+++ Provided data

(* Let $X$ be a set and let $A$ and $B$ be Banach algebras of complex-valued functions on $X$ (with pointwise operations), each containing the constant functions on $X$. Let $\psi:A\to B$ be a continuous algebra homomorphism and $\varphi\in\Delta(B)$. If $f\in A$ satisfies $P(f)=0$ for some nonzero polynomial $P$ in one complex variable, then $D(f)=0$ for every $(\varphi,\psi)$-point derivation $D$ on $A$.
   Context: $\Delta(B)$ denotes the set of all nonzero multiplicative linear functionals on $B$. A bounded linear functional $D$ on $A$ is a $(\varphi,\psi)$-point derivation if $D(ab)=\varphi(\psi(a))\,D(b)+\varphi(\psi(b))\,D(a)$ for all $a,b\in A$. For $P(z)=\sum_{k=0}^{n}c_kz^k$, $P(f)=\sum_{k=0}^n c_k f^k$ with $f^0$ the constant function $1$. *)

theory Defs
  imports "HOL-Analysis.Analysis" "HOL-Computational_Algebra.Polynomial"
begin

text \<open>Complex-valued functions on a set X, modelled as the type 'x; operations are pointwise.\<close>

definition banach_function_algebra ::
  "('x \<Rightarrow> complex) set \<Rightarrow> (('x \<Rightarrow> complex) \<Rightarrow> real) \<Rightarrow> bool" where
  "banach_function_algebra A nA \<longleftrightarrow>
     (\<forall>c::complex. (\<lambda>x. c) \<in> A) \<and>
     (\<forall>f\<in>A. \<forall>g\<in>A. (\<lambda>x. f x + g x) \<in> A) \<and>
     (\<forall>c::complex. \<forall>f\<in>A. (\<lambda>x. c * f x) \<in> A) \<and>
     (\<forall>f\<in>A. \<forall>g\<in>A. (\<lambda>x. f x * g x) \<in> A) \<and>
     (\<forall>f\<in>A. 0 \<le> nA f) \<and>
     (\<forall>f\<in>A. nA f = 0 \<longleftrightarrow> f = (\<lambda>x. 0)) \<and>
     (\<forall>f\<in>A. \<forall>g\<in>A. nA (\<lambda>x. f x + g x) \<le> nA f + nA g) \<and>
     (\<forall>c::complex. \<forall>f\<in>A. nA (\<lambda>x. c * f x) = cmod c * nA f) \<and>
     (\<forall>f\<in>A. \<forall>g\<in>A. nA (\<lambda>x. f x * g x) \<le> nA f * nA g) \<and>
     (\<forall>u::nat \<Rightarrow> ('x \<Rightarrow> complex). (\<forall>n. u n \<in> A) \<longrightarrow>
        (\<forall>e>0. \<exists>N. \<forall>m\<ge>N. \<forall>n\<ge>N. nA (\<lambda>x. u m x - u n x) < e) \<longrightarrow>
        (\<exists>g\<in>A. \<forall>e>0. \<exists>N. \<forall>n\<ge>N. nA (\<lambda>x. u n x - g x) < e))"

definition alg_hom ::
  "('x \<Rightarrow> complex) set \<Rightarrow> (('x \<Rightarrow> complex) \<Rightarrow> ('y \<Rightarrow> complex)) \<Rightarrow> bool" where
  "alg_hom A \<psi> \<longleftrightarrow>
     (\<forall>f\<in>A. \<forall>g\<in>A. \<psi> (\<lambda>x. f x + g x) = (\<lambda>y. \<psi> f y + \<psi> g y)) \<and>
     (\<forall>c. \<forall>f\<in>A. \<psi> (\<lambda>x. c * f x) = (\<lambda>y. c * \<psi> f y)) \<and>
     (\<forall>f\<in>A. \<forall>g\<in>A. \<psi> (\<lambda>x. f x * g x) = (\<lambda>y. \<psi> f y * \<psi> g y))"

definition continuous_map_norms ::
  "('x \<Rightarrow> complex) set \<Rightarrow> (('x \<Rightarrow> complex) \<Rightarrow> real) \<Rightarrow> (('y \<Rightarrow> complex) \<Rightarrow> real)
    \<Rightarrow> (('x \<Rightarrow> complex) \<Rightarrow> ('y \<Rightarrow> complex)) \<Rightarrow> bool" where
  "continuous_map_norms A nA nB \<psi> \<longleftrightarrow>
     (\<forall>f\<in>A. \<forall>e>0. \<exists>d>0. \<forall>g\<in>A. nA (\<lambda>x. g x - f x) < d \<longrightarrow>
        nB (\<lambda>y. \<psi> g y - \<psi> f y) < e)"

definition linear_functional :: "('x \<Rightarrow> complex) set \<Rightarrow> (('x \<Rightarrow> complex) \<Rightarrow> complex) \<Rightarrow> bool" where
  "linear_functional A L \<longleftrightarrow>
     (\<forall>f\<in>A. \<forall>g\<in>A. L (\<lambda>x. f x + g x) = L f + L g) \<and>
     (\<forall>c. \<forall>f\<in>A. L (\<lambda>x. c * f x) = c * L f)"

definition character_space :: "('x \<Rightarrow> complex) set \<Rightarrow> (('x \<Rightarrow> complex) \<Rightarrow> complex) set" where
  "character_space B = {\<phi>. linear_functional B \<phi> \<and>
     (\<forall>f\<in>B. \<forall>g\<in>B. \<phi> (\<lambda>x. f x * g x) = \<phi> f * \<phi> g) \<and> (\<exists>f\<in>B. \<phi> f \<noteq> 0)}"

definition point_derivation ::
  "('x \<Rightarrow> complex) set \<Rightarrow> (('x \<Rightarrow> complex) \<Rightarrow> real) \<Rightarrow> (('y \<Rightarrow> complex) \<Rightarrow> complex)
    \<Rightarrow> (('x \<Rightarrow> complex) \<Rightarrow> ('y \<Rightarrow> complex)) \<Rightarrow> (('x \<Rightarrow> complex) \<Rightarrow> complex) \<Rightarrow> bool" where
  "point_derivation A nA \<phi> \<psi> D \<longleftrightarrow>
     linear_functional A D \<and> (\<exists>C. \<forall>f\<in>A. cmod (D f) \<le> C * nA f) \<and>
     (\<forall>a\<in>A. \<forall>b\<in>A. D (\<lambda>x. a x * b x) = \<phi> (\<psi> a) * D b + \<phi> (\<psi> b) * D a)"

end

theory Submission
  imports Defs
begin

text \<open>Write \<open>\<theta> = \<phi> \<circ> \<psi>\<close>, a multiplicative linear
  functional on \<open>A\<close> with respect to which \<open>D\<close> satisfies the Leibniz rule. Then \<open>\<theta>(1)\<close> is
  idempotent; if \<open>\<theta>(1) = 0\<close> then \<open>\<theta>\<close> and \<open>D\<close> vanish. If \<open>\<theta>(1) = 1\<close>, the chain rule
  \<open>D(p(f)) = p'(\<theta>(f)) D(f)\<close> holds for every polynomial \<open>p\<close>. Since \<open>f\<close> takes its values among the
  roots of \<open>P\<close>, the polynomial \<open>R = (z - \<theta>(f)) Q\<close>, where \<open>Q\<close> is the product of \<open>z - r\<close> over
  the other roots \<open>r\<close>, satisfies \<open>R(f) = 0\<close>; hence \<open>0 = R'(\<theta>(f)) D(f) = Q(\<theta>(f)) D(f)\<close>
  with \<open>Q(\<theta>(f)) \<noteq> 0\<close>.\<close>

locale function_algebra =
  fixes A :: "('x \<Rightarrow> complex) set"
  assumes const_mem: "(\<lambda>x. c) \<in> A"
    and add_mem: "f \<in> A \<Longrightarrow> g \<in> A \<Longrightarrow> (\<lambda>x. f x + g x) \<in> A"
    and mult_mem: "f \<in> A \<Longrightarrow> g \<in> A \<Longrightarrow> (\<lambda>x. f x * g x) \<in> A"
begin

lemma poly_comp_mem: "f \<in> A \<Longrightarrow> (\<lambda>x. poly p (f x)) \<in> A"
  by (induction p) (simp_all add: const_mem add_mem mult_mem)

end

lemma banach_function_algebra_imp_function_algebra:
  "banach_function_algebra A nA \<Longrightarrow> function_algebra A"
  unfolding banach_function_algebra_def function_algebra_def by blast

locale derivation_at_character = function_algebra A
  for A :: "('x \<Rightarrow> complex) set" +
  fixes \<theta> D :: "('x \<Rightarrow> complex) \<Rightarrow> complex"
  assumes linear_\<theta>: "linear_functional A \<theta>"
    and mult_\<theta>: "f \<in> A \<Longrightarrow> g \<in> A \<Longrightarrow> \<theta> (\<lambda>x. f x * g x) = \<theta> f * \<theta> g"
    and linear_D: "linear_functional A D"
    and Leibniz: "f \<in> A \<Longrightarrow> g \<in> A \<Longrightarrow> D (\<lambda>x. f x * g x) = \<theta> f * D g + \<theta> g * D f"
begin

lemma add_\<theta>: "f \<in> A \<Longrightarrow> g \<in> A \<Longrightarrow> \<theta> (\<lambda>x. f x + g x) = \<theta> f + \<theta> g"
  and scale_\<theta>: "f \<in> A \<Longrightarrow> \<theta> (\<lambda>x. c * f x) = c * \<theta> f"
  using linear_\<theta> unfolding linear_functional_def by blast+

lemma add_D: "f \<in> A \<Longrightarrow> g \<in> A \<Longrightarrow> D (\<lambda>x. f x + g x) = D f + D g"
  and scale_D: "f \<in> A \<Longrightarrow> D (\<lambda>x. c * f x) = c * D f"
  using linear_D unfolding linear_functional_def by blast+

lemma \<theta>_unit_cases: "\<theta> (\<lambda>x. 1) = 0 \<or> \<theta> (\<lambda>x. 1) = 1"
  using mult_\<theta>[OF const_mem const_mem, of 1 1] by (simp add: mult_cancel_left1)

lemma D_const: "D (\<lambda>x. c) = 0"
proof -
  have "D (\<lambda>x. 1) = 2 * \<theta> (\<lambda>x. 1) * D (\<lambda>x. 1)"
    using Leibniz[OF const_mem const_mem, of 1 1] by simp
  then have "D (\<lambda>x. 1) = 0"
    using \<theta>_unit_cases by auto
  then show ?thesis
    using scale_D[OF const_mem, of c 1] by simp
qed

lemma D_eq_0_of_\<theta>_unit_eq_0:
  assumes "\<theta> (\<lambda>x. 1) = 0" and "f \<in> A"
  shows "D f = 0"
proof -
  have "\<theta> f = 0"
    using mult_\<theta>[OF \<open>f \<in> A\<close> const_mem, of 1] assms(1) by simp
  then show ?thesis
    using Leibniz[OF \<open>f \<in> A\<close> const_mem, of 1] assms(1) by simp
qed

context
  assumes \<theta>_unit: "\<theta> (\<lambda>x. 1) = 1"
begin

lemma \<theta>_const: "\<theta> (\<lambda>x. c) = c"
  using scale_\<theta>[OF const_mem, of c 1] \<theta>_unit by simp

lemma \<theta>_poly_comp: "f \<in> A \<Longrightarrow> \<theta> (\<lambda>x. poly p (f x)) = poly p (\<theta> f)"
proof (induction p)
  case (pCons a p)
  then show ?case
    by (simp add: add_\<theta> mult_\<theta> const_mem mult_mem poly_comp_mem \<theta>_const)
qed (simp add: \<theta>_const)

lemma D_poly_comp:
  "f \<in> A \<Longrightarrow> D (\<lambda>x. poly p (f x)) = poly (pderiv p) (\<theta> f) * D f"
proof (induction p)
  case (pCons a p)
  then show ?case
    by (simp add: add_D Leibniz const_mem mult_mem poly_comp_mem D_const \<theta>_poly_comp
        pderiv_pCons algebra_simps)
qed (simp add: D_const)

end

lemma D_eq_0_of_poly_comp_eq_0:
  assumes "f \<in> A" and "P \<noteq> 0" and "\<And>x. poly P (f x) = 0"
  shows "D f = 0"
proof (cases "\<theta> (\<lambda>x. 1) = 1")
  case False
  then show ?thesis
    using \<theta>_unit_cases D_eq_0_of_\<theta>_unit_eq_0 \<open>f \<in> A\<close> by blast
next
  case True
  define l where "l = \<theta> f"
  define S where "S = {r. poly P r = 0} - {l}"
  define Q where "Q = (\<Prod>r\<in>S. [:-r, 1:])"
  have "finite S"
    using poly_roots_finite[OF \<open>P \<noteq> 0\<close>] unfolding S_def by simp
  have poly_Q: "poly Q z = (\<Prod>r\<in>S. z - r)" for z
    unfolding Q_def by (simp add: poly_prod)
  have "poly Q l \<noteq> 0"
    using \<open>finite S\<close> unfolding poly_Q S_def by simp
  have "poly ([:-l, 1:] * Q) (f x) = 0" for x
  proof (cases "f x = l")
    case False
    then have "f x \<in> S"
      using assms(3) unfolding S_def by simp
    then show ?thesis
      using \<open>finite S\<close> by (simp add: poly_Q)
  qed simp
  then have "0 = D (\<lambda>x. poly ([:-l, 1:] * Q) (f x))"
    using D_const[of 0] by presburger
  also have "\<dots> = poly (pderiv ([:-l, 1:] * Q)) l * D f"
    unfolding l_def by (rule D_poly_comp[OF True \<open>f \<in> A\<close>])
  also have "\<dots> = poly Q l * D f"
    unfolding pderiv_mult by (simp add: pderiv_pCons)
  finally show ?thesis
    using \<open>poly Q l \<noteq> 0\<close> by simp
qed

end

lemma derivation_at_character_comp:
  assumes "function_algebra A" and "\<forall>a\<in>A. \<psi> a \<in> B" and "alg_hom A \<psi>"
    and "\<phi> \<in> character_space B" and "point_derivation A nA \<phi> \<psi> D"
  shows "derivation_at_character A (\<lambda>a. \<phi> (\<psi> a)) D"
proof -
  interpret function_algebra A by fact
  show ?thesis
    using assms(2-5)
    by unfold_locales
      (auto simp: alg_hom_def character_space_def linear_functional_def point_derivation_def)
qed

theorem proposition2p5:
  fixes A :: "('x \<Rightarrow> complex) set" and nA :: "('x \<Rightarrow> complex) \<Rightarrow> real"
    and B :: "('x \<Rightarrow> complex) set" and nB :: "('x \<Rightarrow> complex) \<Rightarrow> real"
    and \<psi> :: "('x \<Rightarrow> complex) \<Rightarrow> ('x \<Rightarrow> complex)"
    and \<phi> :: "('x \<Rightarrow> complex) \<Rightarrow> complex"
    and D :: "('x \<Rightarrow> complex) \<Rightarrow> complex"
    and f :: "'x \<Rightarrow> complex" and P :: "complex poly"
  assumes "banach_function_algebra A nA"
    and "banach_function_algebra B nB"
    and "\<forall>a\<in>A. \<psi> a \<in> B"
    and "alg_hom A \<psi>"
    and "continuous_map_norms A nA nB \<psi>"
    and "\<phi> \<in> character_space B"
    and "f \<in> A"
    and "P \<noteq> 0"
    and "(\<lambda>x. poly P (f x)) = (\<lambda>x. 0)"
    and "point_derivation A nA \<phi> \<psi> D"
  shows "D f = 0"
proof -
  interpret derivation_at_character A "\<lambda>a. \<phi> (\<psi> a)" D
    using derivation_at_character_comp banach_function_algebra_imp_function_algebra assms
    by blast
  show ?thesis
    using D_eq_0_of_poly_comp_eq_0 assms(7-9) by meson
qed

end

++++++

**Exercise instructions**
In the data above, find the line that contains "(\<forall>f\<in>A. \<forall>g\<in>A. (\<lambda>x. f x +" and the line that contains "A L \<longleftrightarrow>". Repeat exactly those lines and every line between them, and only those.

**Result of this task**
     (\<forall>f\<in>A. \<forall>g\<in>A. (\<lambda>x. f x + g x) \<in> A) \<and>
     (\<forall>c::complex. \<forall>f\<in>A. (\<lambda>x. c * f x) \<in> A) \<and>
     (\<forall>f\<in>A. \<forall>g\<in>A. (\<lambda>x. f x * g x) \<in> A) \<and>
     (\<forall>f\<in>A. 0 \<le> nA f) \<and>
     (\<forall>f\<in>A. nA f = 0 \<longleftrightarrow> f = (\<lambda>x. 0)) \<and>
     (\<forall>f\<in>A. \<forall>g\<in>A. nA (\<lambda>x. f x + g x) \<le> nA f + nA g) \<and>
     (\<forall>c::complex. \<forall>f\<in>A. nA (\<lambda>x. c * f x) = cmod c * nA f) \<and>
     (\<forall>f\<in>A. \<forall>g\<in>A. nA (\<lambda>x. f x * g x) \<le> nA f * nA g) \<and>
     (\<forall>u::nat \<Rightarrow> ('x \<Rightarrow> complex). (\<forall>n. u n \<in> A) \<longrightarrow>
        (\<forall>e>0. \<exists>N. \<forall>m\<ge>N. \<forall>n\<ge>N. nA (\<lambda>x. u m x - u n x) < e) \<longrightarrow>
        (\<exists>g\<in>A. \<forall>e>0. \<exists>N. \<forall>n\<ge>N. nA (\<lambda>x. u n x - g x) < e))"

definition alg_hom ::
  "('x \<Rightarrow> complex) set \<Rightarrow> (('x \<Rightarrow> complex) \<Rightarrow> ('y \<Rightarrow> complex)) \<Rightarrow> bool" where
  "alg_hom A \<psi> \<longleftrightarrow>
     (\<forall>f\<in>A. \<forall>g\<in>A. \<psi> (\<lambda>x. f x + g x) = (\<lambda>y. \<psi> f y + \<psi> g y)) \<and>
     (\<forall>c. \<forall>f\<in>A. \<psi> (\<lambda>x. c * f x) = (\<lambda>y. c * \<psi> f y)) \<and>
     (\<forall>f\<in>A. \<forall>g\<in>A. \<psi> (\<lambda>x. f x * g x) = (\<lambda>y. \<psi> f y * \<psi> g y))"

definition continuous_map_norms ::
  "('x \<Rightarrow> complex) set \<Rightarrow> (('x \<Rightarrow> complex) \<Rightarrow> real) \<Rightarrow> (('y \<Rightarrow> complex) \<Rightarrow> real)
    \<Rightarrow> (('x \<Rightarrow> complex) \<Rightarrow> ('y \<Rightarrow> complex)) \<Rightarrow> bool" where
  "continuous_map_norms A nA nB \<psi> \<longleftrightarrow>
     (\<forall>f\<in>A. \<forall>e>0. \<exists>d>0. \<forall>g\<in>A. nA (\<lambda>x. g x - f x) < d \<longrightarrow>
        nB (\<lambda>y. \<psi> g y - \<psi> f y) < e)"

definition linear_functional :: "('x \<Rightarrow> complex) set \<Rightarrow> (('x \<Rightarrow> complex) \<Rightarrow> complex) \<Rightarrow> bool" where
  "linear_functional A L \<longleftrightarrow>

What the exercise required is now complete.